◆ **TASK TO COMPLETE**
Your job is to set down the stretch of entries that opens with the line containing "define \<delta> where" and closes with the line containing "(\<lambda>x. \<bar>Q x\<bar>) + \<delta> * integral". Keep both end lines, copy each exactly, and add nothing.

- Opening Delimiter -

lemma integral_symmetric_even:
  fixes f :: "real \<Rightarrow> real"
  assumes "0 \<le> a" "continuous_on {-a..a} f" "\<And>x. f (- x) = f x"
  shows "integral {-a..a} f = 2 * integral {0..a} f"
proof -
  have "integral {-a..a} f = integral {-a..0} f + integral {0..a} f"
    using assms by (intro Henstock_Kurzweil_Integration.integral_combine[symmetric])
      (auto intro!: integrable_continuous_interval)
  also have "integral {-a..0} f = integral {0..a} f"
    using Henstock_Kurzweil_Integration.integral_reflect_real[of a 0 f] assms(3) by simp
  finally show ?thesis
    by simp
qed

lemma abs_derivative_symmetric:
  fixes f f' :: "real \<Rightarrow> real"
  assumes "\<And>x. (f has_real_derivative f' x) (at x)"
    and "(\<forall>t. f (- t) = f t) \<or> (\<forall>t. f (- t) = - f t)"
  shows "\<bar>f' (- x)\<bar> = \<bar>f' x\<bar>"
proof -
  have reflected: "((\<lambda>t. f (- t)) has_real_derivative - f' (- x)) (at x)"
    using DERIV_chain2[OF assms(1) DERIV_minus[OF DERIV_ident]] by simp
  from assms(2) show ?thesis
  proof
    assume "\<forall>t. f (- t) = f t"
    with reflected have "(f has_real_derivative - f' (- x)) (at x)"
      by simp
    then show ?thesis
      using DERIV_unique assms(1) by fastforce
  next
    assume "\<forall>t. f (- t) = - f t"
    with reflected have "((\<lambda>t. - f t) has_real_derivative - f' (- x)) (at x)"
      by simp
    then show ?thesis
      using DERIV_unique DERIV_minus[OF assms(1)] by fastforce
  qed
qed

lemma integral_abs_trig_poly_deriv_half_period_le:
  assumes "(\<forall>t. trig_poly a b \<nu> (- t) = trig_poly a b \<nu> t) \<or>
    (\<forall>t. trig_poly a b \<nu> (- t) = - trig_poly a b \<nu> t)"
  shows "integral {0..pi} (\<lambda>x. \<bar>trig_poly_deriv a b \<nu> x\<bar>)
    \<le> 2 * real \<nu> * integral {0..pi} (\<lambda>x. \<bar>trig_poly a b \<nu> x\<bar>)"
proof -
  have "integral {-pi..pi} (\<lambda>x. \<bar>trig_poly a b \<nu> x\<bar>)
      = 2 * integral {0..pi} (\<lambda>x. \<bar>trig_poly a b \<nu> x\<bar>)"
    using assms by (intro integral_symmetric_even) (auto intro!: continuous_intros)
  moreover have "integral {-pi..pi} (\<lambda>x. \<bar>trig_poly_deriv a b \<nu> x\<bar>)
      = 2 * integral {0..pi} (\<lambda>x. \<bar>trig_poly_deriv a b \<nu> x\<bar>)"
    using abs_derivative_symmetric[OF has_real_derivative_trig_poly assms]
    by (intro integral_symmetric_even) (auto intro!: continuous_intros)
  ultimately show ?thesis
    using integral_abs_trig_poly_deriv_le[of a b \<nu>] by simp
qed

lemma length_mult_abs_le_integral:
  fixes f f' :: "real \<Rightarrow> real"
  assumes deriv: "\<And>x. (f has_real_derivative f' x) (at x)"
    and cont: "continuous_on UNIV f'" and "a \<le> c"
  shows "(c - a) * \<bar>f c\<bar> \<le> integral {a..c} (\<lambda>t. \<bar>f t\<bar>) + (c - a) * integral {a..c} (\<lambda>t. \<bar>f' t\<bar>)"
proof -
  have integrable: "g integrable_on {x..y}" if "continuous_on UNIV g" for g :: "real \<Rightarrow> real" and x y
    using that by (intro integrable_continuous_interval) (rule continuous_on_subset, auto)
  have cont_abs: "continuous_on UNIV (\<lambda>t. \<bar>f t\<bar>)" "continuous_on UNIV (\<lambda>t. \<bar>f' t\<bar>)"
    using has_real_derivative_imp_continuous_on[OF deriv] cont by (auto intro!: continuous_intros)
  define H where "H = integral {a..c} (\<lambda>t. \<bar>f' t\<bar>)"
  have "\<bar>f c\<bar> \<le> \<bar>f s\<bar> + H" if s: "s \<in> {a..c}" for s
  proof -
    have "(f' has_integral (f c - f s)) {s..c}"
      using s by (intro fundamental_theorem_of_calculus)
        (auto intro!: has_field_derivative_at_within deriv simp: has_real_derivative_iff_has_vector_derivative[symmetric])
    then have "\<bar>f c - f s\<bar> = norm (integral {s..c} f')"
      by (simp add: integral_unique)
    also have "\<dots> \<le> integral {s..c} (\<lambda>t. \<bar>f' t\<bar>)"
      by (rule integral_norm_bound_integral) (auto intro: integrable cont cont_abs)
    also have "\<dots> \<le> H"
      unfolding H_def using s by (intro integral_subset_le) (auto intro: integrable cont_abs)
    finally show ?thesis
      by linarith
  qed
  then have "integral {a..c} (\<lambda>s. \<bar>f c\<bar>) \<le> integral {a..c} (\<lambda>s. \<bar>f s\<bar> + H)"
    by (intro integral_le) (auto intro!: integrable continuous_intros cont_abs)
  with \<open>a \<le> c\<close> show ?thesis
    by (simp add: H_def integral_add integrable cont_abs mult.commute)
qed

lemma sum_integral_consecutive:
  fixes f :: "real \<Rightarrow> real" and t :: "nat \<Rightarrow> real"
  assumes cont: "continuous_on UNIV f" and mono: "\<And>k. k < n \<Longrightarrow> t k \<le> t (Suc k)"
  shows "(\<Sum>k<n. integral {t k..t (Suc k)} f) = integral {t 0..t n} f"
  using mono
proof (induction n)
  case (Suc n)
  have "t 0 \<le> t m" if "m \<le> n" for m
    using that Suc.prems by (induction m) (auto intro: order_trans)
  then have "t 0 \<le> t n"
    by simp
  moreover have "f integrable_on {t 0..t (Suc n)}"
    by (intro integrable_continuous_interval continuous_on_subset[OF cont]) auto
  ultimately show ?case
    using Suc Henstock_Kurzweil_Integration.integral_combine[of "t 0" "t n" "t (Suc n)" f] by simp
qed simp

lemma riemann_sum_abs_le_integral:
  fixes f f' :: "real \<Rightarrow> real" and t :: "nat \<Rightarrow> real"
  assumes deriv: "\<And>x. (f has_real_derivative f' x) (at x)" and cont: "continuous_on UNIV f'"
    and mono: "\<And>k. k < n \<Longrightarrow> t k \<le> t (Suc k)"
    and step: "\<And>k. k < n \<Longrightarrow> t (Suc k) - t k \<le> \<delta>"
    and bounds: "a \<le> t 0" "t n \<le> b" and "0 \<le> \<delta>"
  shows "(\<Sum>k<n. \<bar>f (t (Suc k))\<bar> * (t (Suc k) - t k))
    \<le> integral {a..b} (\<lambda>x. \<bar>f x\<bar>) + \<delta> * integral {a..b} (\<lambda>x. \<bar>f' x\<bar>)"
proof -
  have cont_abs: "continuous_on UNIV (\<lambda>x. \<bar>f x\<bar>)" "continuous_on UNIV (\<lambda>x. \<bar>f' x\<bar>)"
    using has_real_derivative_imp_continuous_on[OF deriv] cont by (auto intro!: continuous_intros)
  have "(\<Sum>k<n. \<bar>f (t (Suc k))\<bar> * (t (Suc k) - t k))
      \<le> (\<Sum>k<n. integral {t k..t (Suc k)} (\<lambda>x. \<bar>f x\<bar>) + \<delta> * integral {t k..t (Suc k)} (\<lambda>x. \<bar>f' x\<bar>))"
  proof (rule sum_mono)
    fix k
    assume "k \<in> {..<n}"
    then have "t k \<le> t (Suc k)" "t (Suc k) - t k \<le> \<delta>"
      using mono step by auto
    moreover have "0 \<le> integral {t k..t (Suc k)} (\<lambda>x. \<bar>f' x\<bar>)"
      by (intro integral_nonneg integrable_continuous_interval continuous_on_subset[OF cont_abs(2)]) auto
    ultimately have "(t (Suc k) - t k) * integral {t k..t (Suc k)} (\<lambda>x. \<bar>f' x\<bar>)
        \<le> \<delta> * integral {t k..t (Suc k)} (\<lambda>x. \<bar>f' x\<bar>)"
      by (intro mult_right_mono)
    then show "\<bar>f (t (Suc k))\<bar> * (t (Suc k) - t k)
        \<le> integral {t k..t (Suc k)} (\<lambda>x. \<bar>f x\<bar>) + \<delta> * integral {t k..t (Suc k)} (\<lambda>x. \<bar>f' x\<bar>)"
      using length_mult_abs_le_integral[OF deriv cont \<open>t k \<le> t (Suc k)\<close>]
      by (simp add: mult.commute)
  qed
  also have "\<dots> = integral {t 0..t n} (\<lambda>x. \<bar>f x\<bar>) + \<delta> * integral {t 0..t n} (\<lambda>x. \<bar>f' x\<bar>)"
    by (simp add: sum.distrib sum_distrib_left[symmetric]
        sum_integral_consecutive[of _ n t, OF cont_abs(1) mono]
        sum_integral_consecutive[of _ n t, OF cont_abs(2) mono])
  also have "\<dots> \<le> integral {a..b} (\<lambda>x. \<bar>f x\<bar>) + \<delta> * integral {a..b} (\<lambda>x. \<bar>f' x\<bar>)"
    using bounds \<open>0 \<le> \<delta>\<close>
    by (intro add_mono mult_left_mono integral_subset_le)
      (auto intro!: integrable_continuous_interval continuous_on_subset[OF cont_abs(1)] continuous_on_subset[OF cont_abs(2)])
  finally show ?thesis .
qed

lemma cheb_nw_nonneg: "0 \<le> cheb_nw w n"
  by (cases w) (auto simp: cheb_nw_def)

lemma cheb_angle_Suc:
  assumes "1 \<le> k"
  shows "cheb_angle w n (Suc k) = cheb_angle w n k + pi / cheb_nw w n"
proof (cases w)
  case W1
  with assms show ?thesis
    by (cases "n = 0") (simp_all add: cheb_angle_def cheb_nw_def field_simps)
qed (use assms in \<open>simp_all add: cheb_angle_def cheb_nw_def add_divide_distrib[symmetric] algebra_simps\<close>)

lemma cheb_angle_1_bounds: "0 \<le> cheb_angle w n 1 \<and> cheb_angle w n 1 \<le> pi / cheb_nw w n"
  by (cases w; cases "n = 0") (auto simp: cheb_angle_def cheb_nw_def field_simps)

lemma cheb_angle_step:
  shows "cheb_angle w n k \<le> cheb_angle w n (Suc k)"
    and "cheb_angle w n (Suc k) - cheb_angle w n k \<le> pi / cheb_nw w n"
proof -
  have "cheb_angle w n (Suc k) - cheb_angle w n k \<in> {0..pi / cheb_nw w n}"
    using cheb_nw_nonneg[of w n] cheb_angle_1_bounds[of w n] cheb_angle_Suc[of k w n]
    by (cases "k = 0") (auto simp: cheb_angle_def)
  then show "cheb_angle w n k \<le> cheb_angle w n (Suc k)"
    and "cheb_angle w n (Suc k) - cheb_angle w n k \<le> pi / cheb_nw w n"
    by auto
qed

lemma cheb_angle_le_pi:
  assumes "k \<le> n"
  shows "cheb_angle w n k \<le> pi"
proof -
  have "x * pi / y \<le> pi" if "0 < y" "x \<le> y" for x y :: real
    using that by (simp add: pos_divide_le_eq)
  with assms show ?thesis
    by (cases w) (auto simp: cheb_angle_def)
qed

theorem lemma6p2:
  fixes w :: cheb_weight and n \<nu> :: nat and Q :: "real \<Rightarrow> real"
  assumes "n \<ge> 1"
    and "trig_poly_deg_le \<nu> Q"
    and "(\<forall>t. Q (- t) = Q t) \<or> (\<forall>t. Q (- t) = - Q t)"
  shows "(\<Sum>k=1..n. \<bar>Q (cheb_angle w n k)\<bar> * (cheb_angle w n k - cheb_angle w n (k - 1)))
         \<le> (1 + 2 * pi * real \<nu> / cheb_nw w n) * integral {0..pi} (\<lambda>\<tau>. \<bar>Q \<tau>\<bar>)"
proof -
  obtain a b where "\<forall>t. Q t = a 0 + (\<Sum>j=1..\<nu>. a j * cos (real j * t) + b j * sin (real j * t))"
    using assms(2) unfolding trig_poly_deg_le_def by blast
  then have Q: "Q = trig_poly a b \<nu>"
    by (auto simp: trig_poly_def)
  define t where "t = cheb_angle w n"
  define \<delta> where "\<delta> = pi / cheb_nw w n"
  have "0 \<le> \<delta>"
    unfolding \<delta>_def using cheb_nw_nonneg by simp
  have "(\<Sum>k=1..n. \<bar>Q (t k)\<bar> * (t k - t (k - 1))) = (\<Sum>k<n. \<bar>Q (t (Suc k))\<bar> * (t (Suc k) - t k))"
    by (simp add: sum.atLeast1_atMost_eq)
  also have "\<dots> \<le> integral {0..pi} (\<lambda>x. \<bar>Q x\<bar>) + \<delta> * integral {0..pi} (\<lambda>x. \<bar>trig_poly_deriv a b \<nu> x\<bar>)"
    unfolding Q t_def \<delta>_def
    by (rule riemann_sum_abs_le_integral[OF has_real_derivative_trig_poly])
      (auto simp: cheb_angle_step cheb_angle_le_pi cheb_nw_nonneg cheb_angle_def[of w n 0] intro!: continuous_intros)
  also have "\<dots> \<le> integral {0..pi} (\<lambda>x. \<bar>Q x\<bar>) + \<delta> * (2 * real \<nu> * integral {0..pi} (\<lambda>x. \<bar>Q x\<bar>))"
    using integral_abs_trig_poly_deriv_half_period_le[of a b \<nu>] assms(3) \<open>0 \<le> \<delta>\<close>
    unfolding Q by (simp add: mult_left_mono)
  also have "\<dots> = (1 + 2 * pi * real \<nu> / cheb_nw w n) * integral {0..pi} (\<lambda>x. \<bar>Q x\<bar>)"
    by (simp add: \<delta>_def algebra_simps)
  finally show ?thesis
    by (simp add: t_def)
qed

- Closing Delimiter -

◆ **REPLY**
  define \<delta> where "\<delta> = pi / cheb_nw w n"
  have "0 \<le> \<delta>"
    unfolding \<delta>_def using cheb_nw_nonneg by simp
  have "(\<Sum>k=1..n. \<bar>Q (t k)\<bar> * (t k - t (k - 1))) = (\<Sum>k<n. \<bar>Q (t (Suc k))\<bar> * (t (Suc k) - t k))"
    by (simp add: sum.atLeast1_atMost_eq)
  also have "\<dots> \<le> integral {0..pi} (\<lambda>x. \<bar>Q x\<bar>) + \<delta> * integral {0..pi} (\<lambda>x. \<bar>trig_poly_deriv a b \<nu> x\<bar>)"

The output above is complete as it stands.